Thred: Why is storytelling so important in the fight against climate change?

Selina: Because it’s human. It’s how my grandparents taught me to keep our cultures, proverbs, morals, and values alive. This is why I find it a very powerful and effective tool to use.

Thred: Too often, young people are excluded from decision making spaces. How can we ensure there is greater youth involvement in the conversations aiming to instigate change?

Selina: In the Pacific, we really value respect towards our elders. When I started this work at 15 I was criticised a lot by my elders who told me that because I was a young girl, I had no place in the work of the adults. I had to fight hard to ensure that my voice was being heard because my stories are not uncommon, they’re very much shared by a wide group of people. It’s important that ego is being let go of as well because it’s not the elders against the young – we all need to work together on this. It’s a collaborative effort. We need to be united in order to fix this.

Thred: How can we bolster intergenerational communication?

Selina: One of the most basic, and arguably one of the hardest things to do, is to learn reflective listening. I see a lot of people fighting each other. Listening, but listening to create arguments in their head while staying in defence mode.

I think it’s really important that all of us learn to just sit and reflect and remove our ego from the situation so we can see the holistic picture.

Thred: It’s an intersectional issue that’s disproportionately affecting marginalised groups who continue to show up with resilience and offer solutions, regardless. How can we be amplifying the voices of those that deserve to be heard most without resorting to tokenism?

Selina: When people from the Global South get invited to exclusive spaces, we are grateful in spite of the fact that more could be done to fully utilise our time there because we’ve always been given so little. It’s so important for organisers to really listen to our stories and say, ‘what part of my network can I connect this person to so their work will be fully supported in the way it deserves?’ Listen to us and get our feedback on how representation could be more effective.
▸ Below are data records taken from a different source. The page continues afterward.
text \<open>\<open>word n u x i\<close> is the word t(i,n) of the proof idea.\<close>
primrec word :: "nat \<Rightarrow> (nat \<Rightarrow> (nat \<Rightarrow> letter) set) \<Rightarrow> (nat \<Rightarrow> nat \<Rightarrow> letter) \<Rightarrow> nat \<Rightarrow> letter list"
  where
    "word 0 u x = (\<lambda>i. [])"
  | "word (Suc n) u x = (\<lambda>i. if i \<le> n
       then next_word (witness (u i) (x i)) (word n u x i) (x (Suc n)) else [])"

definition response :: "nat \<Rightarrow> (nat \<Rightarrow> (nat \<Rightarrow> letter) set) \<Rightarrow> (nat \<Rightarrow> nat \<Rightarrow> letter) \<Rightarrow> (nat \<Rightarrow> letter) set"
  where "response n u x = (\<Inter>i\<le>n. proj0 ` (witness (u i) (x i) \<inter> cyl S2 (word n u x i)))"

definition strategy :: "((nat \<Rightarrow> letter) set \<times> (nat \<Rightarrow> letter)) list \<Rightarrow> (nat \<Rightarrow> letter) set"
  where "strategy h = response (length h - 1) (\<lambda>i. fst (h ! i)) (\<lambda>i. snd (h ! i))"

lemma word_self [simp]: "word n u x n = []"
  by (cases n) simp_all

lemma word_cong: "(\<And>k. k \<le> n \<Longrightarrow> u k = u' k \<and> x k = x' k) \<Longrightarrow> word n u x = word n u' x'"
  by (induction n) auto

lemma resp_strategy: "resp strategy u x n = response n u x"
proof -
  let ?u = "\<lambda>i. fst (map (\<lambda>i. (u i, x i)) [0..<Suc n] ! i)"
  let ?x = "\<lambda>i. snd (map (\<lambda>i. (u i, x i)) [0..<Suc n] ! i)"
  have agree: "?u k = u k \<and> ?x k = x k" if "k \<le> n" for k
    using that by (simp del: upt_Suc)
  then have "word n ?u ?x = word n u x"
    by (rule word_cong)
  then show ?thesis
    using agree by (simp add: resp_def strategy_def response_def del: upt_Suc)
qed

lemma is_witness_if_legal:
  assumes "p1_legal T s u x i"
  shows "is_witness (u i) (x i) (witness (u i) (x i))"
  using assms by (intro is_witness_witness) (simp_all add: p1_legal_def)

lemma legal_mem_response:
  "p1_legal T strategy u x (Suc n) \<Longrightarrow> x (Suc n) \<in> response n u x"
  using resp_strategy by (auto simp: p1_legal_def)

lemma marked_extension_word_Suc:
  assumes legal: "\<forall>k\<le>Suc n. p1_legal T strategy u x k" and "i \<le> n"
  shows "marked_extension (witness (u i) (x i)) (word n u x i) (x (Suc n)) (word (Suc n) u x i)"
proof -
  have "x (Suc n) \<in> proj0 ` (witness (u i) (x i) \<inter> cyl S2 (word n u x i))"
    using legal_mem_response legal \<open>i \<le> n\<close> by (auto simp: response_def)
  moreover have "is_witness (u i) (x i) (witness (u i) (x i))"
    using legal \<open>i \<le> n\<close> by (intro is_witness_if_legal[of strategy]) simp
  then have "witness (u i) (x i) \<subseteq> seqs_Pinf S"
    by (rule witness_subset_seqs_Pinf)
  ultimately show ?thesis
    using \<open>i \<le> n\<close> by (simp add: marked_extension_next_word)
qed

lemma mem_proj0_witness_word:
  assumes legal: "\<forall>k\<le>n. p1_legal T strategy u x k" and "i \<le> n"
  shows "x n \<in> proj0 ` (witness (u i) (x i) \<inter> cyl S2 (word n u x i))"
proof (cases "i = n")
  case True
  have "is_witness (u n) (x n) (witness (u n) (x n))"
    using legal by (intro is_witness_if_legal[of strategy]) simp
  then have "x n \<in> proj0 ` witness (u n) (x n)" "witness (u n) (x n) \<subseteq> seqs S2"
    using witness_subset_seqs_Pinf by (auto simp: is_witness_def seqs_Pinf_def)
  then show ?thesis
    using True by auto
next
  case False
  then obtain m where "n = Suc m" "i \<le> m"
    using \<open>i \<le> n\<close> by (cases n) auto
  then show ?thesis
    using marked_extension_word_Suc legal by (auto simp: marked_extension_def)
qed

lemma response_basic_nbhd:
  assumes legal: "\<forall>k\<le>n. p1_legal T strategy u x k"
  shows "response n u x \<in> B" "x n \<in> response n u x" "response n u x \<subseteq> u n"
proof -
  have mem: "proj0 ` (witness (u i) (x i) \<inter> cyl S2 (word n u x i)) \<in> B" if "i \<le> n" for i
  proof -
    have "is_witness (u i) (x i) (witness (u i) (x i))"
      using legal that by (intro is_witness_if_legal[of strategy]) simp
    moreover have "set (word n u x i) \<subseteq> S2"
      using mem_proj0_witness_word[OF legal that] set_subset_if_mem_cyl by blast
    ultimately show ?thesis
      by (intro proj0_mem Int_mem2 cyl_mem2) (auto simp: is_witness_def)
  qed
  have "(\<Inter>i\<le>m. proj0 ` (witness (u i) (x i) \<inter> cyl S2 (word n u x i))) \<in> B" if "m \<le> n" for m
    using that
  proof (induction m)
    case (Suc m)
    then show ?case
      using mem Int_mem by (simp add: atMost_Suc)
  qed (use mem in simp)
  then show "response n u x \<in> B"
    by (simp add: response_def)
  show "x n \<in> response n u x"
    using mem_proj0_witness_word[OF legal] by (simp add: response_def)
  have "is_witness (u n) (x n) (witness (u n) (x n))"
    using legal by (intro is_witness_if_legal[of strategy]) simp
  then show "response n u x \<subseteq> u n"
    by (auto simp: response_def is_witness_def)
qed

context
  fixes u :: "nat \<Rightarrow> (nat \<Rightarrow> letter) set" and x :: "nat \<Rightarrow> nat \<Rightarrow> letter"
  assumes legal: "\<forall>k. p1_legal T strategy u x k"
begin

lemma marked_extension_word:
  "i \<le> n \<Longrightarrow> marked_extension (witness (u i) (x i)) (word n u x i) (x (Suc n)) (word (Suc n) u x i)"
  by (rule marked_extension_word_Suc) (use legal in simp_all)

lemma word_prefix:
  assumes "i \<le> n" "n \<le> m"
  shows "\<exists>w. word m u x i = word n u x i @ w"
  using assms(2)
proof (induction m rule: dec_induct)
  case (step m)
  then obtain w where "word m u x i = word n u x i @ w"
    by blast
  moreover obtain w' where "word (Suc m) u x i = word m u x i @ w'"
    using marked_extension_word[of i m] assms(1) step.hyps(1)
    unfolding marked_extension_def by auto
  ultimately show ?case
    by auto
qed simp

lemma length_word:
  assumes "i \<le> n"
  shows "n - i \<le> length (word n u x i)"
  using assms
proof (induction n rule: dec_induct)
  case (step n)
  have "length (word n u x i) < length (word (Suc n) u x i)"
    using marked_extension_word[OF step.hyps(1)] step.hyps(1) unfolding marked_extension_def by auto
  then show ?case
    using step.IH by linarith
qed simp

lemma mem_cyl_word:
  assumes "i \<le> n"
  obtains \<rho> where "\<rho> \<in> witness (u i) (x i)" "\<rho> \<in> cyl S2 (word n u x i)" "x n = proj0 \<rho>"
  using mem_proj0_witness_word[of n u x i] legal assms by blast

lemma set_word_subset:
  assumes "i \<le> n"
  shows "set (word n u x i) \<subseteq> S2"
proof -
  obtain \<rho> where "\<rho> \<in> cyl S2 (word n u x i)"
    using mem_cyl_word[OF assms] .
  then show ?thesis
    by (rule set_subset_if_mem_cyl)
qed

lemma lfst_word_nth:
  assumes "i \<le> n" "k < length (word n u x i)"
  shows "lfst (word n u x i ! k) = x n k"
proof -
  obtain \<rho> where "\<rho> \<in> cyl S2 (word n u x i)" "x n = proj0 \<rho>"
    using mem_cyl_word assms(1) by blast
  then show ?thesis
    using assms(2) by (auto simp: cyl_def proj0_def)
qed

text \<open>The limit tau_i of the words t(i,n): its \<open>k\<close>-th letter is already present at round
  \<open>i + k + 1\<close>.\<close>
definition limit_word :: "nat \<Rightarrow> nat \<Rightarrow> letter"
  where "limit_word i k = word (i + Suc k) u x i ! k"

lemma length_word_limit: "k < length (word (i + Suc k) u x i)"
  using length_word[of i "i + Suc k"] by simp

lemma limit_word_eq_nth:
  assumes "i \<le> n" "k < length (word n u x i)"
  shows "limit_word i k = word n u x i ! k"
proof (cases "n \<le> i + Suc k")
  case True
  then obtain w where "word (i + Suc k) u x i = word n u x i @ w"
    using word_prefix assms(1) by blast
  then show ?thesis
    using assms(2) by (simp add: limit_word_def nth_append)
next
  case False
  then obtain w where "word n u x i = word (i + Suc k) u x i @ w"
    using word_prefix[of i "i + Suc k" n] by auto
  then show ?thesis
    using length_word_limit by (simp add: limit_word_def nth_append)
qed

lemma limit_word_mem_seqs: "limit_word i \<in> seqs S2"
proof -
  have "limit_word i k \<in> S2" for k
    using set_word_subset[OF le_add1[of i "Suc k"]] nth_mem[OF length_word_limit[of k i]]
    unfolding limit_word_def by blast
  then show ?thesis
    by (simp add: seqs_def)
qed

lemma limit_word_mem_cyl: "i \<le> n \<Longrightarrow> limit_word i \<in> cyl S2 (word n u x i)"
  using limit_word_mem_seqs limit_word_eq_nth by (simp add: cyl_def)

lemma limit_word_mem_seqs_Pinf: "limit_word i \<in> seqs_Pinf S"
proof -
  have "\<exists>k\<ge>N. proj1 (limit_word i) k = Atom 1" for N
  proof -
    obtain k where k: "length (word (i + N) u x i) \<le> k" "k < length (word (Suc (i + N)) u x i)"
        "lsnd (word (Suc (i + N)) u x i ! k) = Atom 1"
      using marked_extension_word[of i "i + N"] by (auto simp: marked_extension_def)
    moreover have "N \<le> k"
      using length_word[of i "i + N"] k(1) by simp
    ultimately show ?thesis
      using limit_word_eq_nth[of i "Suc (i + N)" k] by (auto simp: proj1_def)
  qed
  then have "infinite {k. proj1 (limit_word i) k = Atom 1}"
    by (simp add: infinite_nat_iff_unbounded_le)
  then show ?thesis
    using proj1_mem_seqs_prodA[OF limit_word_mem_seqs] limit_word_mem_seqs
    by (simp add: seqs_Pinf_def Pinf_def)
qed

lemma limit_word_mem_witness: "limit_word i \<in> witness (u i) (x i)"
proof -
  have "is_witness (u i) (x i) (witness (u i) (x i))"
    using legal by (intro is_witness_if_legal[of strategy]) simp
  then obtain F where F: "closedin (cantor_top S2) F" "witness (u i) (x i) = F \<inter> seqs_Pinf S"
    unfolding is_witness_def by blast
  have "limit_word i \<in> F"
  proof (rule cantor_closed_contains_limit[OF F(1) limit_word_mem_seqs])
    fix N
    obtain \<rho> where \<rho>: "\<rho> \<in> witness (u i) (x i)" "\<rho> \<in> cyl S2 (word (i + N) u x i)"
      using mem_cyl_word[OF le_add1] by metis
    have "\<rho> j = limit_word i j" if "j < N" for j
    proof -
      have "j < length (word (i + N) u x i)"
        using length_word[OF le_add1, of i N] that by simp
      then show ?thesis
        using \<rho>(2) limit_word_eq_nth[OF le_add1] by (simp add: cyl_def)
    qed
    then show "\<exists>\<rho>\<in>F. \<forall>j<N. \<rho> j = limit_word i j"
      using \<rho>(1) F(2) by blast
  qed
  then show ?thesis
    using F(2) limit_word_mem_seqs_Pinf by blast
qed

lemma proj0_limit_word: "proj0 (limit_word i) = proj0 (limit_word 0)"
proof
  fix k
  let ?n = "i + Suc k"
  have k: "k < length (word ?n u x 0)"
    using length_word[of 0 ?n] by simp
  have "lfst (limit_word i k) = x ?n k"
    unfolding limit_word_def by (rule lfst_word_nth[OF le_add1 length_word_limit])
  also have "\<dots> = lfst (word ?n u x 0 ! k)"
    by (rule lfst_word_nth[OF le0 k, symmetric])
  also have "\<dots> = lfst (limit_word 0 k)"
    by (simp only: limit_word_eq_nth[OF le0 k])
  finally show "proj0 (limit_word i) k = proj0 (limit_word 0) k"
    by (simp add: proj0_def)
qed

lemma proj0_limit_word_mem_response: "proj0 (limit_word 0) \<in> response n u x"
proof -
  have "proj0 (limit_word 0) \<in> proj0 ` (witness (u i) (x i) \<inter> cyl S2 (word n u x i))"
    if "i \<le> n" for i
  proof
    show "proj0 (limit_word 0) = proj0 (limit_word i)"
      by (rule proj0_limit_word[symmetric])
    show "limit_word i \<in> witness (u i) (x i) \<inter> cyl S2 (word n u x i)"
      using limit_word_mem_witness limit_word_mem_cyl[OF that] by blast
  qed
  then show ?thesis
    by (simp add: response_def)
qed

end

lemma strong_choquet_T: "strong_choquet T"
proof -
  obtain c where "c \<in> S"
    using nonempty by blast
  then have "topspace T \<noteq> {}"
    using topspace by (auto simp: seqs_def)
  moreover have "openin T (resp strategy u x n) \<and> x n \<in> resp strategy u x n \<and> resp strategy u x n \<subseteq> u n"
    if "\<forall>k\<le>n. p1_legal T strategy u x k" for u x n
    using response_basic_nbhd[OF that] basis by (auto simp: resp_strategy is_basis_def)
  moreover have "(\<Inter>n. resp strategy u x n) \<noteq> {}" if "\<forall>k. p1_legal T strategy u x k" for u x
    using proj0_limit_word_mem_response[OF that] by (auto simp: resp_strategy)
  ultimately show ?thesis
    unfolding strong_choquet_def by blast
qed

end
lemma gdist_geI:
  "(\<And>xs. is_walk adj xs \<Longrightarrow> set xs \<subseteq> S \<Longrightarrow> hd xs = u \<Longrightarrow> last xs = w \<Longrightarrow> N \<le> length xs - 1)
     \<Longrightarrow> enat N \<le> gdist S adj u w"
  unfolding gdist_def by (rule INF_greatest) (simp only: mem_Collect_eq enat_ord_simps)

lemma gdist_shortest_walk:
  assumes "gdist S adj u w \<noteq> \<infinity>"
  obtains xs where "is_walk adj xs" "set xs \<subseteq> S" "hd xs = u" "last xs = w"
    "gdist S adj u w = enat (length xs - 1)"
proof -
  let ?L = "(\<lambda>xs. enat (length xs - 1)) ` {xs. is_walk adj xs \<and> set xs \<subseteq> S \<and> hd xs = u \<and> last xs = w}"
  have "?L \<noteq> {}"
  proof
    assume "?L = {}"
    then have "gdist S adj u w = \<infinity>"
      unfolding gdist_def by (simp add: Inf_enat_def)
    with assms show False by simp
  qed
  then have "Inf ?L \<in> ?L"
    unfolding Inf_enat_def by (auto intro: LeastI)
  then show thesis
    using that unfolding gdist_def by auto
qed

lemma connected_graph_invariant:
  assumes "connected_graph V E" "\<And>a b. E a b \<Longrightarrow> F a = F b" "x \<in> V" "y \<in> V"
  shows "F x = F y"
proof -
  have "gdist V E x y \<noteq> \<infinity>"
    using assms(1,3,4) unfolding connected_graph_def by blast
  then obtain xs where "is_walk E xs" "hd xs = x" "last xs = y"
    by (rule gdist_shortest_walk)
  then show ?thesis
    using is_walk_invariant[of E xs F, OF _ assms(2)] by simp
qed

section \<open>Depth in a rooted tree\<close>

locale rooted_tree =
  fixes V :: "'a set" and E :: "'a \<Rightarrow> 'a \<Rightarrow> bool" and r :: 'a
  assumes tree: "is_tree V E" and root_in_V: "r \<in> V"
begin

definition depth :: "'a \<Rightarrow> nat" where
  "depth x = the_enat (gdist V E r x)"

lemma simple_graph: "simple_graph V E"
  using tree unfolding is_tree_def by blast

lemma connected_graph: "connected_graph V E"
  using tree unfolding is_tree_def by blast

lemma finite_V: "finite V"
  using simple_graph unfolding simple_graph_def by blast

lemma edge_in_V: "E a b \<Longrightarrow> a \<in> V \<and> b \<in> V"
  using simple_graph unfolding simple_graph_def by blast

lemma edge_sym: "E a b \<Longrightarrow> E b a"
  using simple_graph unfolding simple_graph_def by blast

lemma edge_irrefl: "\<not> E a a"
  using simple_graph unfolding simple_graph_def by blast

lemma gdist_root_eq_depth:
  assumes "x \<in> V"
  shows "gdist V E r x = enat (depth x)"
proof -
  have "gdist V E r x \<noteq> \<infinity>"
    using connected_graph root_in_V assms unfolding connected_graph_def by blast
  then show ?thesis
    unfolding depth_def by auto
qed

lemma depth_shortest_walk:
  assumes "x \<in> V"
  obtains xs where "is_walk E xs" "set xs \<subseteq> V" "hd xs = r" "last xs = x"
    "length xs = Suc (depth x)"
proof -
  have "gdist V E r x \<noteq> \<infinity>"
    using gdist_root_eq_depth[OF assms] by simp
  then obtain xs where "is_walk E xs" "set xs \<subseteq> V" "hd xs = r" "last xs = x"
    "gdist V E r x = enat (length xs - 1)"
    by (rule gdist_shortest_walk)
  then show thesis
    using that gdist_root_eq_depth[OF assms] is_walk_nonempty by fastforce
qed

lemma depth_le_walk:
  assumes "is_walk E xs" "set xs \<subseteq> V" "hd xs = r"
  shows "depth (last xs) \<le> length xs - 1"
proof -
  have "last xs \<in> V"
    using assms(1,2) is_walk_nonempty by fastforce
  then show ?thesis
    using gdist_le_walk[OF assms refl] gdist_root_eq_depth by simp
qed

lemma depth_root [simp]: "depth r = 0"
  using depth_le_walk[of "[r]"] root_in_V by simp

lemma depth_eq_0_iff: "x \<in> V \<Longrightarrow> depth x = 0 \<longleftrightarrow> x = r"
  by (metis depth_shortest_walk depth_root last_ConsL length_0_conv length_Suc_conv list.sel(1))

lemma depth_edge_le:
  assumes "E x y"
  shows "depth y \<le> Suc (depth x)"
proof -
  obtain xs where xs: "is_walk E xs" "set xs \<subseteq> V" "hd xs = r" "last xs = x"
    "length xs = Suc (depth x)"
    using edge_in_V[OF assms] depth_shortest_walk by metis
  have "xs \<noteq> []"
    using xs(1) by (rule is_walk_nonempty)
  then have "is_walk E (xs @ [y])" "set (xs @ [y]) \<subseteq> V" "hd (xs @ [y]) = r"
    using xs assms edge_in_V is_walk_snoc by auto
  then show ?thesis
    using depth_le_walk xs(5) by fastforce
qed

lemma depth_parent:
  assumes "x \<in> V" "depth x = Suc t"
  obtains p where "E p x" "depth p = t"
proof -
  obtain xs where xs: "is_walk E xs" "set xs \<subseteq> V" "hd xs = r" "last xs = x"
    "length xs = Suc (Suc t)"
    using assms depth_shortest_walk by metis
  let ?p = "last (butlast xs)"
  have walk: "is_walk E (butlast xs)" and edge: "E ?p x"
    using is_walk_butlast[OF xs(1)] xs(4,5) by auto
  have "set (butlast xs) \<subseteq> V" "hd (butlast xs) = r"
    using xs(2,3,5) by (auto dest: in_set_butlastD, cases xs, auto)
  then have "depth ?p \<le> t"
    using depth_le_walk[OF walk] xs(5) by simp
  moreover have "Suc t \<le> Suc (depth ?p)"
    using depth_edge_le[OF edge] assms(2) by simp
  ultimately show thesis
    using that edge by simp
qed

text \<open>Replacing the two ends by their parents keeps the hypotheses one level lower, until the
  two parents coincide and close a cycle.\<close>

lemma level_path_has_cycle:
  assumes "depth x = t" "depth y = t" "x \<noteq> y" "is_walk E W" "distinct W" "set W \<subseteq> V"
    "hd W = x" "last W = y" "\<forall>z\<in>set W. t \<le> depth z"
  shows "has_cycle V E"
  using assms
proof (induction t arbitrary: x y W)
  case 0
  then have "x \<in> V" "y \<in> V"
    using is_walk_nonempty hd_in_set last_in_set by blast+
  then show ?case
    using 0 depth_eq_0_iff by blast
next
  case (Suc t)
  have xyV: "x \<in> V" "y \<in> V"
    using Suc.prems(4,6-8) is_walk_nonempty hd_in_set last_in_set by blast+
  obtain x' where x': "E x' x" "depth x' = t"
    using Suc.prems(1) xyV depth_parent by metis
  obtain y' where y': "E y' y" "depth y' = t"
    using Suc.prems(2) xyV depth_parent by metis
  have "x' \<notin> set W" "y' \<notin> set W"
    using Suc.prems(9) x'(2) y'(2) by fastforce+
  obtain W' where W: "W = x # W'" "W' \<noteq> []"
    using Suc.prems(3,4,7,8) by (cases W) (auto split: if_splits)
  show ?case
  proof (cases "x' = y'")
    case True
    have "3 \<le> length (x' # W)"
      using W by (cases W') auto
    moreover have "distinct (x' # W)" "set (x' # W) \<subseteq> V"
      "is_walk E (x' # W)" "E (last (x' # W)) (hd (x' # W))"
      using W Suc.prems x' y' True \<open>x' \<notin> set W\<close> edge_in_V edge_sym by auto
    ultimately show ?thesis
      unfolding has_cycle_def by blast
  next
    case False
    have "is_walk E (x' # W @ [y'])"
      using W Suc.prems(4,8) x'(1) y'(1) edge_sym is_walk_snoc by fastforce
    moreover have "distinct (x' # W @ [y'])" "set (x' # W @ [y']) \<subseteq> V"
      using Suc.prems(5,6) \<open>x' \<notin> set W\<close> \<open>y' \<notin> set W\<close> False x' y' edge_in_V by auto
    moreover have "hd (x' # W @ [y']) = x'" "last (x' # W @ [y']) = y'"
      by simp_all
    moreover have "\<forall>z\<in>set (x' # W @ [y']). t \<le> depth z"
      using Suc.prems(9) x'(2) y'(2) by auto
    ultimately show ?thesis
      by (rule Suc.IH[OF x'(2) y'(2) False])
  qed
qed

lemma depth_edge:
  assumes "E x y"
  shows "depth y = Suc (depth x) \<or> depth x = Suc (depth y)"
proof -
  have "depth x \<noteq> depth y"
  proof
    assume "depth x = depth y"
    then have "has_cycle V E"
      using level_path_has_cycle[of x "depth x" y "[x, y]"] assms edge_irrefl edge_in_V by fastforce
    then show False
      using tree unfolding is_tree_def by blast
  qed
  then show ?thesis
    using depth_edge_le[OF assms] depth_edge_le[OF edge_sym[OF assms]] by linarith
qed

lemma depth_eq_1_iff:
  assumes "x \<in> V"
  shows "depth x = 1 \<longleftrightarrow> E r x"
proof
  assume "depth x = 1"
  then obtain p where "E p x" "depth p = 0"
    using assms depth_parent by (metis One_nat_def)
  then show "E r x"
    using depth_eq_0_iff edge_in_V by blast
next
  assume "E r x"
  then show "depth x = 1"
    using depth_edge_le[of r x] depth_eq_0_iff[OF assms] edge_irrefl by fastforce
qed

lemma nbhd_eq_depth: "nbhd_eq V E r i = {x \<in> V. depth x = i}"
  unfolding nbhd_eq_def using gdist_root_eq_depth by auto

lemma nbhd_ge_depth: "nbhd_ge V E r i = {x \<in> V. i \<le> depth x}"
  unfolding nbhd_ge_def using gdist_root_eq_depth by auto

end

section \<open>Height functions of 3-colourings\<close>

lemma num3_exhaust: "(x::3) = 0 \<or> x = 1 \<or> x = 2"
proof (cases x)
  case (of_int z)
  then have "z = 0 \<or> z = 1 \<or> z = 2" by simp arith
  then show ?thesis using of_int by auto
qed

text \<open>The representative in \<open>{1, -1}\<close> of a nonzero residue; the value at \<open>0\<close> is junk.\<close>

definition pm_lift :: "3 \<Rightarrow> int" where
  "pm_lift c = (if c = 1 then 1 else -1)"

lemma abs_pm_lift [simp]: "\<bar>pm_lift c\<bar> = 1"
  by (simp add: pm_lift_def)

lemma pm_lift_of_int: "\<bar>k\<bar> = 1 \<Longrightarrow> pm_lift (of_int k) = k"
  by (auto simp: pm_lift_def abs_if split: if_splits)

lemma pm_lift_recolour:
  fixes a z z' :: 3
  assumes "a \<noteq> z" "a \<noteq> z'" "z \<noteq> z'"
  shows "pm_lift (z' - a) = pm_lift (z - a) - 2 * pm_lift (z' - z)"
    and "pm_lift (a - z') = pm_lift (a - z) + 2 * pm_lift (z' - z)"
  using assms num3_exhaust[of a] num3_exhaust[of z] num3_exhaust[of z']
  by (auto simp: pm_lift_def)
Thred: Besides the changes we can make on an independent level, what’s the best means of approaching influencing change on a grander scale? Aka how do we shift the focus of the conversation from individual to corporate action so that the onus isn’t on us alone?

Selina: Social pressure. We underestimate the power of us as consumers and voters, how important our voice is and how it can lead to dramatic change. Collectively, we need to be demonstrating how, as a momentum, we can shake these forces to shift the narrative.

Thred: What advice would you give to young people looking to make a difference in this sphere but who are struggling to figure out where to even begin?

Selina: Look into your homes. Look at your community and see what’s being done and what isn’t. Ask how the climate crisis is affecting your backyard. Let that be your motivation to start.

This is not the end, we still have time, focus on that time to keep you going.